(INPUT RECORDS begins)

lemma trig_polys_measure_superlevel_eighth:
  fixes f :: "real^'n::finite \<Rightarrow> complex"
  assumes Q: "finite Q" "Q \<noteq> {}" and f: "f \<in> trig_polys Q"
    and bound: "\<And>y. y \<in> torus \<Longrightarrow> norm (f y) \<le> S"
    and "0 < S" and x: "S / 2 < norm (f x)"
  shows "(2*pi) ^ CARD('n) < 2 * 16 ^ card Q * measure lborel {y \<in> torus. S < 8 * norm (f y)}"
proof -
  define m where "m = card Q"
  have m: "0 < m"
    using Q by (simp add: m_def card_gt_0_iff)
  define V where "V = (2*pi) ^ CARD('n)"
  define A where "A = {y \<in> torus. norm (f x) ^ (2*m) \<le> 2 * 4 ^ m * norm (f y) ^ (2*m)}"
  define E where "E = {y \<in> torus. S < 8 * norm (f y)}"
  have [measurable]: "f \<in> borel_measurable borel"
    by (rule trig_polys_borel_measurable[OF f])
  have x_large: "S ^ (2*m) < 4 ^ m * norm (f x) ^ (2*m)"
  proof -
    have "(S / 2) ^ (2*m) < norm (f x) ^ (2*m)"
      using x \<open>0 < S\<close> m by (intro power_strict_mono) auto
    moreover have "(S / 2) ^ (2*m) = S ^ (2*m) / 4 ^ m"
      by (simp add: power_divide power_mult)
    ultimately show ?thesis
      by (simp add: divide_less_eq mult.commute)
  qed
  have "A \<subseteq> E"
    using power_bounds_imp_less_8_mult[OF m _ x_large] by (auto simp: A_def E_def)
  moreover have "A \<in> sets borel"
    unfolding A_def by (intro sets_borel_torus_Collect) measurable
  moreover have "E \<in> fmeasurable lborel"
    unfolding E_def by (intro fmeasurable_subset_torus sets_borel_torus_Collect) auto
  ultimately have measure_A_E: "measure lborel A \<le> measure lborel E"
    by (intro measure_mono_fmeasurable) auto
  have "S ^ (2*m) * V < 4 ^ m * (V * norm (f x) ^ (2*m))"
    using x_large by (simp add: V_def)
  also have "\<dots> \<le> 4 ^ m * (2 * 4 ^ m * S ^ (2*m) * measure lborel A)"
    using trig_polys_power_large_values[OF Q f bound, of x] by (simp add: V_def A_def m_def)
  also have "\<dots> = S ^ (2*m) * (2 * 16 ^ m * measure lborel A)"
    by (simp add: power_mult_distrib[symmetric] mult_ac)
  finally have "V < 2 * 16 ^ m * measure lborel A"
    using \<open>0 < S\<close> by (simp add: mult_less_cancel_left_pos)
  also have "\<dots> \<le> 2 * 16 ^ m * measure lborel E"
    using measure_A_E by simp
  finally show ?thesis
    by (simp add: V_def E_def m_def)
qed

(INPUT RECORDS ends)

**WORK TO COMPLETE**. If a line of the records includes the string "intro", copy it out.

**ANSWER TO THIS EXERCISE**.
      using x \<open>0 < S\<close> m by (intro power_strict_mono) auto
    unfolding A_def by (intro sets_borel_torus_Collect) measurable
    unfolding E_def by (intro fmeasurable_subset_torus sets_borel_torus_Collect) auto
    by (intro measure_mono_fmeasurable) auto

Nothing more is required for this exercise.